* **Data supplied**

lemma order_0_euler_wronskian_le:
  fixes u v :: "'a::idom" and \<alpha> \<beta> :: "'i \<Rightarrow> nat" and ts :: "'i list"
  defines "fs \<equiv> map (\<lambda>t. [:0, 1:] ^ \<alpha> t * [:v, u:] ^ \<beta> t) ts"
  assumes u: "u \<noteq> 0" and v: "v \<noteq> 0"
    and nonzero: "euler_wronskian fs \<noteq> 0"
  shows "order 0 (euler_wronskian fs) \<le> sum_list (map \<alpha> ts) + (length ts choose 2)"
proof -
  define a where "a i = \<alpha> (ts ! i)" for i
  define b where "b i = \<beta> (ts ! i)" for i
  let ?Q = "[:v, u:]" and ?k = "length fs"
  have "degree ?Q = 1"
    using u by simp
  have columns: "\<forall>i<?k. fs ! i = [:0, 1:] ^ a i * ?Q ^ b i"
    by (simp add: fs_def a_def b_def)
  have dvd: "?Q ^ (\<Sum>i<?k. b i) dvd ?Q ^ (?k choose 2) * euler_wronskian fs"
  proof (rule power_dvd_scaled_euler_wronskian, intro allI impI)
    fix i r assume "i < ?k"
    then show "?Q ^ b i dvd ?Q ^ r * (euler_op ^^ r) (fs ! i)"
      using columns by (intro power_dvd_power_mult_euler_op_power) simp
  qed
  have "degree (?Q ^ (?k choose 2) * euler_wronskian fs) \<le> (?k choose 2) + (\<Sum>i<?k. a i + b i)"
  proof (rule degree_scaled_euler_wronskian_le, intro allI impI)
    fix i r assume "i < ?k"
    then have "degree (fs ! i) \<le> a i + b i"
      using columns degree_pX_power_mult_power_le by metis
    then show "degree (?Q ^ r * (euler_op ^^ r) (fs ! i)) \<le> r + (a i + b i)"
      using degree_power_mult_euler_op_power_le[of ?Q r "fs ! i"] \<open>degree ?Q = 1\<close> by simp
  qed
  then have "degree (?Q ^ (?k choose 2) * euler_wronskian fs) \<le>
      (\<Sum>i<?k. a i) + (?k choose 2) + (\<Sum>i<?k. b i) * degree ?Q"
    unfolding \<open>degree ?Q = 1\<close> by (simp add: sum.distrib)
  moreover have "poly ?Q 0 \<noteq> 0"
    using v by simp
  ultimately have "order 0 (euler_wronskian fs) \<le> (\<Sum>i<?k. a i) + (?k choose 2)"
    using nonzero dvd by (intro order_0_le_of_power_dvd)
  moreover have "sum_list (map \<alpha> ts) = (\<Sum>i<?k. a i)"
    by (simp add: fs_def a_def sum_list_sum_nth lessThan_atLeast0)
  ultimately show ?thesis
    by (simp add: fs_def)
qed
(* With notation as in the context (type $E_7$), let $s\in\{1,3,4,5,6,7\}$ and let $\beta\neq\beta'$ be elements of $\Delta_s^+$. Then $(f(\beta)|f(\beta'))=0$ if and only if $f(\beta)$ and $f(\beta')$ agree in exactly one of their three coordinates. In particular, $\langle\beta,\beta'\rangle=0$ if and only if $f(\beta)$ and $f(\beta')$ agree in exactly one coordinate.
   Context: Let $F=\{0,1,2,3\}$ be the group $\mathbb{Z}/2\times\mathbb{Z}/2$ with operation $\oplus$ (binary addition without carry) and symplectic form $(a|a')=0$ if $a=0$, $a'=0$ or $a=a'$, and $1$ otherwise. Let $V=F^3$ (elements written $abc$), with coordinatewise $\oplus$ and form $(abc|a'b'c')=(a|a')+(b|b')+(c|c')\in\mathbb{Z}/2$. Let $\Delta$ be the $E_7$ root system with simple roots $\alpha_1,\dots,\alpha_7$, $\langle\alpha_i,\alpha_i\rangle=2$, $\langle\alpha_i,\alpha_j\rangle=-1$ for $\{i,j\}\in\{\{1,3\},\{3,4\},\{4,5\},\{5,6\},\{6,7\},\{2,4\}\}$, $0$ otherwise; $\Lambda=\bigoplus\mathbb{Z}\alpha_i$, $\Delta^+$ the positive roots. Let $f:\Lambda\to V$ be the homomorphism with $f(\alpha_1)=100$, $f(\alpha_2)=030$, $f(\alpha_3)=300$, $f(\alpha_4)=111$, $f(\alpha_5)=003$, $f(\alpha_6)=001$, $f(\alpha_7)=033$. For $\beta=\sum\beta^i\alpha_i\in\Delta^+$ let $m(\beta)=\max\{i:\beta^i\ne0\}$. The strata are $\Delta_1^+=\{\alpha_1\}$, $\Delta_3^+=\{\beta\in\Delta^+: m(\beta)\in\{2,3\}\}$, and $\Delta_s^+=\{\beta\in\Delta^+: m(\beta)=s\}$ for $s=4,5,6,7$. *)

theory Defs
  imports Main
begin

text \<open>Elements of F are the naturals 0,1,2,3; the group law is bitwise xor.
  Elements of V are lists of length 3 over F.\<close>

definition formF :: "nat \<Rightarrow> nat \<Rightarrow> nat" where
  "formF a a' = (if a = 0 \<or> a' = 0 \<or> a = a' then 0 else 1)"

definition addV :: "nat list \<Rightarrow> nat list \<Rightarrow> nat list" where
  "addV v w = map2 xor v w"

definition zeroV :: "nat list" where
  "zeroV = [0, 0, 0]"

definition formV :: "nat list \<Rightarrow> nat list \<Rightarrow> nat" where
  "formV v w = (\<Sum>k<3. formF (v ! k) (w ! k)) mod 2"

definition agree_exactly_one :: "nat list \<Rightarrow> nat list \<Rightarrow> bool" where
  "agree_exactly_one v w \<longleftrightarrow> card {k. k < 3 \<and> v ! k = w ! k} = 1"

text \<open>Elements of \<Lambda> are coefficient vectors \<beta> :: nat \<Rightarrow> int, \<beta> i = \<beta>^i,
  supported on {1..7}.\<close>

definition e7_edge :: "nat \<Rightarrow> nat \<Rightarrow> bool" where
  "e7_edge i j \<longleftrightarrow> {i, j} \<in> {{1,3},{3,4},{4,5},{5,6},{6,7},{2,4}}"

definition cartan :: "nat \<Rightarrow> nat \<Rightarrow> int" where
  "cartan i j = (if i = j then 2 else if e7_edge i j then -1 else 0)"

definition bil :: "(nat \<Rightarrow> int) \<Rightarrow> (nat \<Rightarrow> int) \<Rightarrow> int" where
  "bil \<beta> \<gamma> = (\<Sum>i\<in>{1..7}. \<Sum>j\<in>{1..7}. \<beta> i * \<gamma> j * cartan i j)"

definition simple_root :: "nat \<Rightarrow> (nat \<Rightarrow> int)" where
  "simple_root i = (\<lambda>j. if j = i then 1 else 0)"

definition refl :: "nat \<Rightarrow> (nat \<Rightarrow> int) \<Rightarrow> (nat \<Rightarrow> int)" where
  "refl i \<beta> = (\<lambda>j. \<beta> j - bil \<beta> (simple_root i) * simple_root i j)"

inductive_set roots :: "(nat \<Rightarrow> int) set" where
  simple: "i \<in> {1..7} \<Longrightarrow> simple_root i \<in> roots"
| reflect: "\<beta> \<in> roots \<Longrightarrow> i \<in> {1..7} \<Longrightarrow> refl i \<beta> \<in> roots"

definition pos_roots :: "(nat \<Rightarrow> int) set" where
  "pos_roots = {\<beta> \<in> roots. \<forall>i. \<beta> i \<ge> 0}"

definition f_simple :: "nat \<Rightarrow> nat list" where
  "f_simple i = (if i = 1 then [1,0,0] else if i = 2 then [0,3,0] else
                 if i = 3 then [3,0,0] else if i = 4 then [1,1,1] else
                 if i = 5 then [0,0,3] else if i = 6 then [0,0,1] else
                 if i = 7 then [0,3,3] else zeroV)"
lemma smooth_dens_le_smaller_radius:
  fixes p :: "'a::euclidean_space \<Rightarrow> real"
  assumes lip: "L-lipschitz_on UNIV p" and "0 < r'" "r' \<le> r"
  shows "smooth_dens r p x
    \<le> smooth_dens r' p x + (vol_ball TYPE('a) r / vol_ball TYPE('a) r' - 1) * (2 * r * L)"
proof -
  define f where "f z = p (x + z)" for z
  have "0 \<le> L"
    using lip by (rule lipschitz_on_nonneg)
  have near: "\<bar>f z - p x\<bar> \<le> L * r" if "z \<in> ball 0 r" for z
  proof -
    have "\<bar>f z - p x\<bar> \<le> L * dist (x + z) x"
      using lipschitz_onD[OF lip] by (simp add: f_def dist_real_def)
    also have "\<dots> \<le> L * r"
      using that \<open>0 \<le> L\<close> by (intro mult_left_mono) (auto simp: dist_norm)
    finally show ?thesis .
  qed
  have "continuous_on UNIV f"
    unfolding f_def
    by (intro continuous_on_compose2[OF lipschitz_on_continuous_on[OF lip]] continuous_intros) auto
  then have int: "set_integrable lborel (ball 0 s) f" for s
    by (rule set_integrable_ball_continuous)
  have outer: "(LINT z : ball 0 r | lborel. f z) \<le> (LINT z : ball 0 r' | lborel. f z)
      + (vol_ball TYPE('a) r - vol_ball TYPE('a) r') * (p x + L * r)"
  proof (rule set_integral_ball_le_smaller_ball[OF int \<open>r' \<le> r\<close>])
    fix z :: 'a
    assume "z \<in> ball 0 r - ball 0 r'"
    then show "f z \<le> p x + L * r"
      using near[of z] by (auto simp: abs_le_iff)
  qed
  have inner: "vol_ball TYPE('a) r' * (p x - L * r) \<le> (LINT z : ball 0 r' | lborel. f z)"
    unfolding vol_ball_def
  proof (rule measure_mult_le_set_integral[OF int _ emeasure_lborel_ball_finite])
    fix z :: 'a
    assume "z \<in> ball 0 r'"
    then show "p x - L * r \<le> f z"
      using near[of z] assms(3) by (auto simp: abs_le_iff)
  qed simp
  have "0 < vol_ball TYPE('a) r'" "vol_ball TYPE('a) r' \<le> vol_ball TYPE('a) r"
    using assms(2,3) by (simp_all add: vol_ball_pos vol_ball_mono)
  with \<open>0 \<le> L\<close> assms(2,3) have "(LINT z : ball 0 r | lborel. f z) / vol_ball TYPE('a) r
      \<le> (LINT z : ball 0 r' | lborel. f z) / vol_ball TYPE('a) r'
        + (vol_ball TYPE('a) r / vol_ball TYPE('a) r' - 1) * (2 * (L * r))"
    by (intro average_le_inner_average[OF outer inner]) auto
  then show ?thesis
    by (simp add: smooth_dens_def f_def mult_ac)
qed

theorem theorem2:
  fixes p q :: "'a::euclidean_space \<Rightarrow> real" and L \<epsilon> lam :: real and x :: 'a
  assumes p_meas: "p \<in> borel_measurable borel" and q_meas: "q \<in> borel_measurable borel"
    and p_nonneg: "\<And>y. p y \<ge> 0" and q_nonneg: "\<And>y. q y \<ge> 0"
    and p_int: "integrable lborel p" and q_int: "integrable lborel q"
    and p_one: "(\<integral>y. p y \<partial>lborel) = 1" and q_one: "(\<integral>y. q y \<partial>lborel) = 1"
    and p_mom: "integrable lborel (\<lambda>y. (norm y)\<^sup>2 * p y)"
    and q_mom: "integrable lborel (\<lambda>y. (norm y)\<^sup>2 * q y)"
    and p_lip: "L-lipschitz_on UNIV p" and q_lip: "L-lipschitz_on UNIV q"
    and eps: "\<epsilon> > 0" and lam_gt: "lam > \<epsilon>"
    and W: "W2 (density lborel p) (density lborel q) < \<epsilon>\<^sup>2"
  shows "smooth_dens lam p x \<le>
      vol_ball TYPE('a) lam / vol_ball TYPE('a) (lam - \<epsilon>) * smooth_dens lam q x
      + (vol_ball TYPE('a) lam / vol_ball TYPE('a) (lam - \<epsilon>) - 1) * (2 * lam * L)
      + \<epsilon> / vol_ball TYPE('a) (lam - \<epsilon>)"
proof -
  define V where "V = vol_ball TYPE('a) lam"
  define V' where "V' = vol_ball TYPE('a) (lam - \<epsilon>)"
  have "0 < V'"
    unfolding V'_def using lam_gt by (simp add: vol_ball_pos)
  have p_cont: "continuous_on UNIV p" and q_cont: "continuous_on UNIV q"
    using p_lip q_lip by (simp_all add: lipschitz_on_continuous_on)
  have "measure (density lborel p) (ball x (lam - \<epsilon>))
      \<le> measure (density lborel q) (ball x lam) + min 1 ((\<epsilon>\<^sup>2 / \<epsilon>)\<^sup>2)"
  proof (rule W2_less_imp_measure_le[OF _ _ _ _
        nn_integral_density_lborel_norm_power2_finite[OF p_meas p_nonneg p_mom]
        nn_integral_density_lborel_norm_power2_finite[OF q_meas q_nonneg q_mom] W eps])
    fix y z :: 'a
    assume "y \<in> ball x (lam - \<epsilon>)" "norm (y - z) < \<epsilon>"
    then show "z \<in> ball x lam"
      using dist_triangle[of x z y] by (simp add: dist_norm)
  qed (use p_meas q_meas p_nonneg q_nonneg p_one q_one in \<open>auto intro: prob_space_density_lborel\<close>)
  moreover have "min 1 ((\<epsilon>\<^sup>2 / \<epsilon>)\<^sup>2) \<le> \<epsilon>"
    using eps by (cases "\<epsilon> \<le> 1") (auto simp: power2_eq_square mult_le_one)
  ultimately have "V' * smooth_dens (lam - \<epsilon>) p x \<le> V * smooth_dens lam q x + \<epsilon>"
    using measure_density_lborel_ball[OF p_cont p_nonneg]
      measure_density_lborel_ball[OF q_cont q_nonneg] eps lam_gt
    by (simp add: V_def V'_def)
  then have "smooth_dens (lam - \<epsilon>) p x \<le> V / V' * smooth_dens lam q x + \<epsilon> / V'"
    using \<open>0 < V'\<close> by (simp add: field_simps)
  moreover have "smooth_dens lam p x \<le> smooth_dens (lam - \<epsilon>) p x + (V / V' - 1) * (2 * lam * L)"
    unfolding V_def V'_def using p_lip eps lam_gt by (intro smooth_dens_le_smaller_radius) auto
  ultimately show ?thesis
    unfolding V_def V'_def by linarith
qed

* **Activity**
Copy out each line of the listing that holds the string "addV".

* **Exercise solution**
definition addV :: "nat list \<Rightarrow> nat list \<Rightarrow> nat list" where
  "addV v w = map2 xor v w"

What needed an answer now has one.